En fait, certains migrants provenant des communautés émergentes ont été convertis par des Rabbins envoyés en Amérique Latine par le Rabbinat officiel israélien. Si elle comporte le sceau d’approbation orthodoxe, la norme est beaucoup plus souple”.
Les prochaines étapes pour les congrégations de Santa Marta et de Barranquilla semblent difficiles à prévoir.

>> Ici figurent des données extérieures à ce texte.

lemma quasi_poly_sum:
  "(\<And>i. i \<in> S \<Longrightarrow> quasi_poly N (f i)) \<Longrightarrow> quasi_poly N (\<Sum>i\<in>S. f i)"
proof (induction S rule: infinite_finite_induct)
  case (infinite S)
  show ?case unfolding quasi_poly_def by (intro exI[of _ "\<lambda>_. 0"]) (simp add: infinite)
next
  case empty
  show ?case unfolding quasi_poly_def by (intro exI[of _ "\<lambda>_. 0"]) simp
qed (simp add: quasi_poly_add)

lemma quasi_poly_fps_X_power_geom_fps:
  assumes "j < N" shows "quasi_poly N (fps_X ^ j * geom_fps N)"
  unfolding quasi_poly_def fps_X_power_geom_fps_nth[OF assms]
  by (intro exI[of _ "\<lambda>i. if i = j then 1 else 0"]) simp

text \<open>For N \<le> a, x^a/(1-x^N)^(M+1) is a multiple of (theta - (a - N)) applied to
  x^(a-N)/(1-x^N)^M; the case a < N reduces to this one via
  x^a/(1-x^N)^(M+1) = x^a/(1-x^N)^M + x^(a+N)/(1-x^N)^(M+1).\<close>
lemma quasi_poly_fps_X_power_geom_fps_power:
  assumes "N > 0" "M \<ge> 1" "a < N * M"
  shows "quasi_poly N (fps_X ^ a * geom_fps N ^ M)"
  using assms(2,3)
proof (induction M arbitrary: a rule: nat_induct_at_least)
  case base
  then show ?case by (simp add: quasi_poly_fps_X_power_geom_fps)
next
  case (Suc M)
  have high: "quasi_poly N (fps_X ^ b * geom_fps N ^ (M + 1))" if "N \<le> b" "b < N * Suc M" for b
  proof -
    define c where "c = b - N"
    have b: "b = c + N" using \<open>N \<le> b\<close> by (simp add: c_def)
    have "c < N * M" using that by (simp add: b)
    then have "quasi_poly N (fps_X ^ c * geom_fps N ^ M)" by (rule Suc.IH)
    then have "quasi_poly N (theta (fps_X ^ c * geom_fps N ^ M)
        - fps_const (real c) * (fps_X ^ c * geom_fps N ^ M))"
      by (intro quasi_poly_diff quasi_poly_theta quasi_poly_const_mult)
    also have "theta (fps_X ^ c * geom_fps N ^ M)
        - fps_const (real c) * (fps_X ^ c * geom_fps N ^ M)
        = fps_const (real (M * N)) * (fps_X ^ b * geom_fps N ^ (M + 1))"
      unfolding theta_mult_geom_fps_power[OF assms(1)] theta_fps_X_power b
      by (simp add: power_add algebra_simps)
    finally have "quasi_poly N (fps_const (1 / real (M * N)) *
        (fps_const (real (M * N)) * (fps_X ^ b * geom_fps N ^ (M + 1))))"
      by (rule quasi_poly_const_mult)
    then show ?thesis using Suc.hyps assms(1) by (simp add: mult.assoc[symmetric])
  qed
  show ?case
  proof (cases "N \<le> a")
    case True
    then show ?thesis using high Suc.prems by simp
  next
    case False
    moreover have "N \<le> N * M" using Suc.hyps by simp
    ultimately have "a < N * M" by linarith
    then have "quasi_poly N (fps_X ^ a * geom_fps N ^ M + fps_X ^ (a + N) * geom_fps N ^ (M + 1))"
      using False Suc.hyps by (intro quasi_poly_add Suc.IH high) auto
    also have "fps_X ^ a * geom_fps N ^ M + fps_X ^ (a + N) * geom_fps N ^ (M + 1)
        = fps_X ^ a * geom_fps N ^ (M + 1)"
      unfolding geom_fps_power_eq[OF assms(1), of M] by (simp add: power_add algebra_simps)
    finally show ?thesis by simp
  qed
qed

lemma quasi_poly_fps_of_poly_geom_fps_power:
  assumes "N > 0" "M \<ge> 1" "degree P < N * M"
  shows "quasi_poly N (fps_of_poly P * geom_fps N ^ M)"
proof -
  have "fps_of_poly P * geom_fps N ^ M
      = (\<Sum>i\<le>degree P. fps_const (coeff P i) * (fps_X ^ i * geom_fps N ^ M))"
    by (subst poly_as_sum_of_monoms[symmetric])
       (simp add: fps_of_poly_sum fps_of_poly_monom sum_distrib_right mult.assoc)
  also have "quasi_poly N \<dots>"
    using assms
    by (intro quasi_poly_sum quasi_poly_const_mult quasi_poly_fps_X_power_geom_fps_power) auto
  finally show ?thesis .
qed

lemma quasi_poly_imp_basis_sum:
  assumes "N > 0" "quasi_poly N F"
  shows "\<exists>K c. F = (\<Sum>k<K. \<Sum>j<N. fps_const (c k j) * basis_fn N k j)"
proof -
  obtain q where q: "\<And>n. F $ n = poly (q (n mod N)) (real n)"
    using assms(2) unfolding quasi_poly_def by blast
  define K where "K = Suc (Max ((\<lambda>j. degree (q j)) ` {..<N}))"
  have deg: "degree (q j) < K" if "j < N" for j
    using that by (auto simp: K_def less_Suc_eq_le)
  have nth: "F $ n = (\<Sum>k<K. \<Sum>j<N. fps_const (coeff (q j) k) * basis_fn N k j) $ n" for n
  proof -
    have "(\<Sum>k<K. \<Sum>j<N. fps_const (coeff (q j) k) * basis_fn N k j) $ n
        = (\<Sum>k<K. \<Sum>j<N. if j = n mod N then coeff (q j) k * real n ^ k else 0)"
      by (simp add: fps_sum_nth basis_fn_nth if_distrib eq_commute cong: if_cong)
    also have "\<dots> = (\<Sum>k<K. coeff (q (n mod N)) k * real n ^ k)"
      using assms(1) by simp
    also have "\<dots> = poly (q (n mod N)) (real n)"
      using deg[of "n mod N"] assms(1) unfolding poly_altdef
      by (intro sum.mono_neutral_right) (auto simp: coeff_eq_0)
    finally show ?thesis by (simp add: q)
  qed
  show ?thesis
  proof (intro exI)
    show "F = (\<Sum>k<K. \<Sum>j<N. fps_const (coeff (q j) k) * basis_fn N k j)"
      using nth by (rule fps_ext)
  qed
qed

section \<open>Rational functions with poles at roots of unity\<close>

abbreviation of_real_poly :: "real poly \<Rightarrow> complex poly" where
  "of_real_poly \<equiv> map_poly of_real"

lemma of_real_poly_add: "of_real_poly (p + q) = of_real_poly p + of_real_poly q"
  by (rule poly_eqI) (simp add: coeff_map_poly)
(* Let $n$ be a positive integer and let $\lambda=(\lambda_1,\dots,\lambda_\ell)$ and $\mu=(\mu_1,\dots,\mu_{\ell'})$ be integer partitions of $n$ with $\mathrm{pre}_2(\lambda) = \mathrm{pre}_2(\mu)$. Then for every nonnegative integer $m$, $\sum_{i=1}^{\ell} \lambda_i^{2^m} = \sum_{i=1}^{\ell'} \mu_i^{2^m}$.
   Context: An integer partition $\lambda = (\lambda_1, \dots, \lambda_\ell)$ of a positive integer $n$ is a weakly decreasing finite sequence of positive integers whose sum is $n$; the $\lambda_i$ are its parts and $\ell(\lambda)=\ell$ is its length. For a partition $\lambda = (\lambda_1,\dots,\lambda_\ell)$, $\mathrm{pre}_2(\lambda)$ denotes the partition whose multiset of parts is the multiset $\{\!\{\lambda_i\lambda_j : 1 \le i < j \le \ell\}\!\}$ (with multiplicities, arranged in weakly decreasing order); if $\ell < 2$ it is the empty partition. *)

theory Defs
  imports Main "HOL-Library.Multiset"
begin

definition is_partition :: "nat \<Rightarrow> nat list \<Rightarrow> bool" where
  "is_partition n lam \<longleftrightarrow> sorted_wrt (\<ge>) lam \<and> (\<forall>x\<in>set lam. 0 < x) \<and> sum_list lam = n"

text \<open>pre_2: the multiset of pairwise products lam_i * lam_j with i < j (a partition is
determined by its multiset of parts, so we compare multisets).\<close>
definition pre2 :: "nat list \<Rightarrow> nat multiset" where
  "pre2 lam = mset [lam ! i * lam ! j. (i, j) \<leftarrow> List.product [0..<length lam] [0..<length lam], i < j]"

end

theory Submission imports Defs begin

text \<open>Write p k for the sum of the k-th powers of the parts. Expanding the square of that sum
  gives (p k)^2 = p (2 k) + 2 * (sum of x^k over pre2), so p (2 k) is determined by p k and pre2.
  Since p 1 = n, induction on m determines every p (2^m).\<close>

lemma pre2_Nil [simp]: "pre2 [] = {#}"
  by (simp add: pre2_def)

lemma pre2_Cons: "pre2 (x # xs) = image_mset ((*) x) (mset xs) + pre2 xs"
proof -
  have idx: "[0..<length (x # xs)] = 0 # map Suc [0..<length xs]"
    by (simp add: upt_conv_Cons map_Suc_upt del: upt_Suc)
  have first_row: "map (\<lambda>j. x * xs ! j) [0..<length xs] = map ((*) x) xs"
    by (rule nth_equalityI) simp_all
  have drop_empty: "\<And>g L. concat (concat (map (\<lambda>i. [] # g i) L)) = concat (concat (map g L))"
    by (induct_tac L) simp_all
  show ?thesis
    unfolding pre2_def idx
    by (simp add: product_concat_map comp_def map_concat first_row drop_empty
        cong: if_cong del: mset_upt)
qed

lemma pre2_map_power: "pre2 (map (\<lambda>x. x ^ k) xs) = image_mset (\<lambda>x. x ^ k) (pre2 xs)"
  by (induction xs) (simp_all add: pre2_Cons power_mult_distrib multiset.map_comp comp_def)

lemma sum_list_square:
  "(sum_list xs)\<^sup>2 = sum_list (map (\<lambda>x. x\<^sup>2) xs) + 2 * \<Sum>\<^sub># (pre2 xs)"
proof (induction xs)
  case (Cons x xs)
  have "\<Sum>\<^sub># (image_mset ((*) x) (mset xs)) = x * sum_list xs"
    by (induction xs) (simp_all add: algebra_simps)
  with Cons show ?case
    by (simp add: pre2_Cons power2_sum algebra_simps)
qed simp

lemma power_sum_double:
  "sum_list (map (\<lambda>x. x ^ (2 * k)) xs) + 2 * \<Sum>\<^sub># (image_mset (\<lambda>x. x ^ k) (pre2 xs))
     = (sum_list (map (\<lambda>x. x ^ k) xs))\<^sup>2"
  using sum_list_square[of "map (\<lambda>x. x ^ k) xs"]
  by (simp add: pre2_map_power comp_def power_even_eq)

lemma power_sums_eq_if_pre2_eq:
  assumes "sum_list xs = sum_list ys" and "pre2 xs = pre2 ys"
  shows "sum_list (map (\<lambda>x. x ^ 2 ^ m) xs) = sum_list (map (\<lambda>x. x ^ 2 ^ m) ys)"
proof (induction m)
  case 0
  show ?case using assms(1) by simp
next
  case (Suc m)
  with power_sum_double[of "2 ^ m" xs] power_sum_double[of "2 ^ m" ys] assms(2)
  show ?case by simp
qed

theorem mainTheorem3:
  fixes n :: nat and lam mu :: "nat list"
  assumes "0 < n"
    and "is_partition n lam" and "is_partition n mu"
    and "pre2 lam = pre2 mu"
  shows "\<forall>m::nat. (\<Sum>i<length lam. (lam ! i) ^ (2 ^ m)) = (\<Sum>i<length mu. (mu ! i) ^ (2 ^ m))"
proof
  fix m :: nat
  have "sum_list lam = sum_list mu"
    using assms(2,3) by (simp add: is_partition_def)
  from power_sums_eq_if_pre2_eq[OF this assms(4)]
  show "(\<Sum>i<length lam. (lam ! i) ^ (2 ^ m)) = (\<Sum>i<length mu. (mu ! i) ^ (2 ^ m))"
    by (simp add: sum_list_sum_nth lessThan_atLeast0)
qed

end
(* Let $(r,\ell)$ be a $\mathcal C^1$ solution of system (D) on $[0,t_* )\times\mathbb R$. Then for all $t\in[0,t_* )$ and $\alpha,\beta\in\mathbb R$, $$c_1(t,\alpha)=\sqrt{\frac{k\big(r_0(\alpha)-\ell(t,x_1(t,\alpha))\big)}{k(2r_0(\alpha))}}\Big\{1+r_0'(\alpha)\sqrt{k(2r_0(\alpha))}\int_0^t f\big(r_0(\alpha)-\ell(\tau,x_1(\tau,\alpha))\big)\,d\tau\Big\},$$ $$c_2(t,\beta)=\sqrt{\frac{k\big(r(t,x_2(t,\beta))-\ell_0(\beta)\big)}{k(2r_0(\beta))}}\Big\{1+\ell_0'(\beta)\sqrt{k(2r_0(\beta))}\int_0^t f\big(r(\tau,x_2(\tau,\beta))-\ell_0(\beta)\big)\,d\tau\Big\}.$$
   Context: Let $Q(\xi):=\sqrt{1+\xi^2}$, $L(u):=\tfrac12(u\sqrt{1+u^2}+\operatorname{arcsinh}u)$ (so $L'=Q$, $L$ an odd increasing bijection of $\mathbb R$), and $k(\eta):=Q(L^{-1}(-\eta/2))$, so $k$ is even, smooth, $k\ge k(0)=1$. Set $f(\eta):=k'(\eta)/\sqrt{k(\eta)}$. Given $w_0\in\mathcal C^2(\mathbb R)$ with $w_0'$ bounded and non-constant, let $r_0:=-L(w_0')$ and $\ell_0:=L(w_0')=-r_0$. System (D) is: $r_{,t}+k(r-\ell)r_{,x}=0$, $\ell_{,t}-k(r-\ell)\ell_{,x}=0$ on $[0,t_* )\times\mathbb R$, $r(0,\cdot)=r_0$, $\ell(0,\cdot)=\ell_0$, where $[0,t_* )$ is the maximal interval of existence of the $\mathcal C^1$ solution. Forward characteristics $x_1(t,\alpha)$ solve $\partial_t x_1=k\big((r-\ell)(t,x_1)\big)$, $x_1(0,\alpha)=\alpha$; backward characteristics $x_2(t,\beta)$ solve $\partial_tx_2=-k\big((r-\ell)(t,x_2)\big)$, $x_2(0,\beta)=\beta$. Along them $r(t,x_1(t,\alpha))=r_0(\alpha)$ and $\ell(t,x_2(t,\beta))=\ell_0(\beta)$. The infinitesimal compression ratios are $c_1(t,\alpha):=\partial x_1/\partial\alpha$ and $c_2(t,\beta):=\partial x_2/\partial\beta$. *)

theory Defs
  imports "HOL-Analysis.Analysis" "HOL-Library.Extended_Real"
begin

definition Q_fun :: "real \<Rightarrow> real" where
  "Q_fun \<xi> = sqrt (1 + \<xi>\<^sup>2)"

definition L_fun :: "real \<Rightarrow> real" where
  "L_fun u = (u * sqrt (1 + u\<^sup>2) + arsinh u) / 2"

(* k(eta) = Q(L^{-1}(-eta/2)); L is a bijection of R, so inv L_fun is its inverse *)
definition k_fun :: "real \<Rightarrow> real" where
  "k_fun \<eta> = Q_fun (inv L_fun (- \<eta> / 2))"

definition f_fun :: "real \<Rightarrow> real" where
  "f_fun \<eta> = deriv k_fun \<eta> / sqrt (k_fun \<eta>)"

definition Dom :: "ereal \<Rightarrow> real set" where
  "Dom T = {s. 0 \<le> s \<and> ereal s < T}"

(* (r,l) is a C^1 solution of system (D) on [0,T) x R with initial data r0, l0.
   C^1 is expressed by continuous partial derivatives giving the (Frechet) derivative. *)
definition solD :: "(real \<Rightarrow> real) \<Rightarrow> (real \<Rightarrow> real) \<Rightarrow> ereal
     \<Rightarrow> (real \<Rightarrow> real \<Rightarrow> real) \<Rightarrow> (real \<Rightarrow> real \<Rightarrow> real) \<Rightarrow> bool" where
  "solD r0 l0 T r l \<longleftrightarrow>
     (\<exists>rt rx lt lx.
        continuous_on (Dom T \<times> UNIV) rt \<and> continuous_on (Dom T \<times> UNIV) rx \<and>
        continuous_on (Dom T \<times> UNIV) lt \<and> continuous_on (Dom T \<times> UNIV) lx \<and>
        (\<forall>p \<in> Dom T \<times> UNIV.
           ((\<lambda>q. r (fst q) (snd q)) has_derivative (\<lambda>h. rt p * fst h + rx p * snd h))
              (at p within Dom T \<times> UNIV) \<and>
           ((\<lambda>q. l (fst q) (snd q)) has_derivative (\<lambda>h. lt p * fst h + lx p * snd h))
              (at p within Dom T \<times> UNIV) \<and>
           rt p + k_fun (r (fst p) (snd p) - l (fst p) (snd p)) * rx p = 0 \<and>
           lt p - k_fun (r (fst p) (snd p) - l (fst p) (snd p)) * lx p = 0)) \<and>
     (\<forall>x. r 0 x = r0 x \<and> l 0 x = l0 x)"

end

theory Submission
  imports Defs
begin

(*
  Along a forward characteristic r is constant, equal to r0(alpha), so x1(., alpha) solves the
  scalar equation x' = k(r0(alpha) - l(t, x)), which depends on alpha only through its initial
  point and through r0(alpha). Differentiating in alpha gives the linear equation
  c' = k'(eta) (r0'(alpha) - l_x c), c(0) = 1, where eta = r0(alpha) - l along the characteristic;
  since eta' = -2 k(eta) l_x, its solution is the closed formula of the theorem. To make this
  rigorous, the remainder x1(t, alpha + h) - x1(t, alpha) - h c(t) is shown to satisfy a linear
  differential inequality with o(h) forcing (uniform linearisation of l and k on compact sets),
  and Gronwall's inequality, with a continuation argument keeping the remainder below |h|, makes
  it o(h). Backward characteristics become forward ones under x -> -x, which swaps r and l;
  k is even and f is odd.
*)

section \<open>The functions \<open>L\<close>, \<open>k\<close> and \<open>f\<close>\<close>

lemma L_fun_has_real_derivative: "(L_fun has_real_derivative Q_fun u) (at u)"
proof -
  have pos: "0 < 1 + u\<^sup>2"
    by (simp add: add_pos_nonneg)
  have sq: "sqrt (1 + u\<^sup>2) * sqrt (1 + u\<^sup>2) = 1 + u\<^sup>2"
    using pos by simp
  show ?thesis
    unfolding L_fun_def[abs_def] Q_fun_def using pos
    by (auto intro!: derivative_eq_intros arsinh_real_has_field_derivative
        simp: add.commute divide_simps sq) (simp add: power2_eq_square algebra_simps)
qed

lemma Q_fun_ge_1: "1 \<le> Q_fun u"
  by (simp add: Q_fun_def)

lemma L_fun_minus: "L_fun (- u) = - L_fun u"
  by (simp add: L_fun_def field_simps)

lemma L_fun_ge_half: "0 \<le> u \<Longrightarrow> u / 2 \<le> L_fun u"
proof -
  assume u: "0 \<le> u"
  have "u \<le> u * sqrt (1 + u\<^sup>2)"
    using u mult_left_mono[of 1 "sqrt (1 + u\<^sup>2)" u] by simp
  moreover have "0 \<le> arsinh u"
    using u arsinh_real_neg_iff[of u] by linarith
  ultimately show ?thesis
    by (simp add: L_fun_def)
qed

lemma isCont_L_fun: "isCont L_fun u"
  using L_fun_has_real_derivative by (rule DERIV_isCont)

lemma strict_mono_L_fun: "strict_mono L_fun"
proof -
  have "\<exists>D. (L_fun has_real_derivative D) (at x) \<and> 0 < D" for x
    using L_fun_has_real_derivative Q_fun_ge_1 by (meson less_le_trans zero_less_one)
  then show ?thesis
    by (metis DERIV_pos_imp_increasing strict_monoI)
qed

lemma surj_L_fun: "surj L_fun"
proof -
  have "\<exists>x. L_fun x = y" for y
  proof -
    have "L_fun (- 2 * \<bar>y\<bar>) \<le> y" "y \<le> L_fun (2 * \<bar>y\<bar>)"
      using L_fun_ge_half[of "2 * \<bar>y\<bar>"] L_fun_minus[of "2 * \<bar>y\<bar>"] by auto
    then show ?thesis
      using IVT[of L_fun "- 2 * \<bar>y\<bar>" y "2 * \<bar>y\<bar>"] isCont_L_fun by auto
  qed
  then show ?thesis
    by (metis surjI)
qed

lemma L_fun_inv [simp]: "L_fun (inv L_fun y) = y"
  by (rule surj_f_inv_f[OF surj_L_fun])

lemma inv_L_fun [simp]: "inv L_fun (L_fun x) = x"
  by (rule inv_f_f[OF strict_mono_imp_inj_on[OF strict_mono_L_fun]])

lemma inv_L_fun_minus: "inv L_fun (- y) = - inv L_fun y"
  by (metis L_fun_inv L_fun_minus inv_L_fun)

lemma inv_L_fun_has_real_derivative:
  "(inv L_fun has_real_derivative inverse (Q_fun (inv L_fun y))) (at y)"
proof (rule DERIV_inverse_function[where a="y - 1" and b="y + 1"])
  show "(L_fun has_real_derivative Q_fun (inv L_fun y)) (at (inv L_fun y))"
    by (rule L_fun_has_real_derivative)
  show "Q_fun (inv L_fun y) \<noteq> 0"
    using Q_fun_ge_1[of "inv L_fun y"] by linarith
  have "isCont (inv L_fun) (L_fun (inv L_fun y))"
    by (rule isCont_inverse_function[of 1]) (simp_all add: isCont_L_fun)
  then show "isCont (inv L_fun) y"
    by simp
qed simp_all

lemma Q_fun_has_real_derivative: "(Q_fun has_real_derivative u / Q_fun u) (at u)"
proof -
  have "((\<lambda>x. 1 + x\<^sup>2) has_real_derivative 2 * u) (at u)"
    by (auto intro!: derivative_eq_intros)
  from DERIV_chain2[OF DERIV_real_sqrt this]
  show ?thesis
    by (simp add: Q_fun_def[abs_def] add_pos_nonneg field_simps)
qed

Impossible de dire quand la Shirat Hayyam trouvera un nouveau lieu de prière, ou quand les familles de la Javurat Nahariyah, qui suivent actuellement leur processus de conversion, l’achèveront.
Et pourtant, le cadre semble avoir été d’ores et déjà établi pour la réussite à venir de ces communautés – sur la base de la foi, sous l’orientation d’un rabbin attentif et par l’implication de ses propres membres.
“Il faut ajuster cette tradition du judaïsme pour qu’elle s’adapte”, dit Mejia de ses congrégations.
« Sinon, elle ne pourra pas être léguée aux enfants et aux petits-enfants ».
Et c’est plutôt pas mal de bénéficier de l’eau de la mer des Caraïbes, tout à côté, pour se tremper dans le mikvé.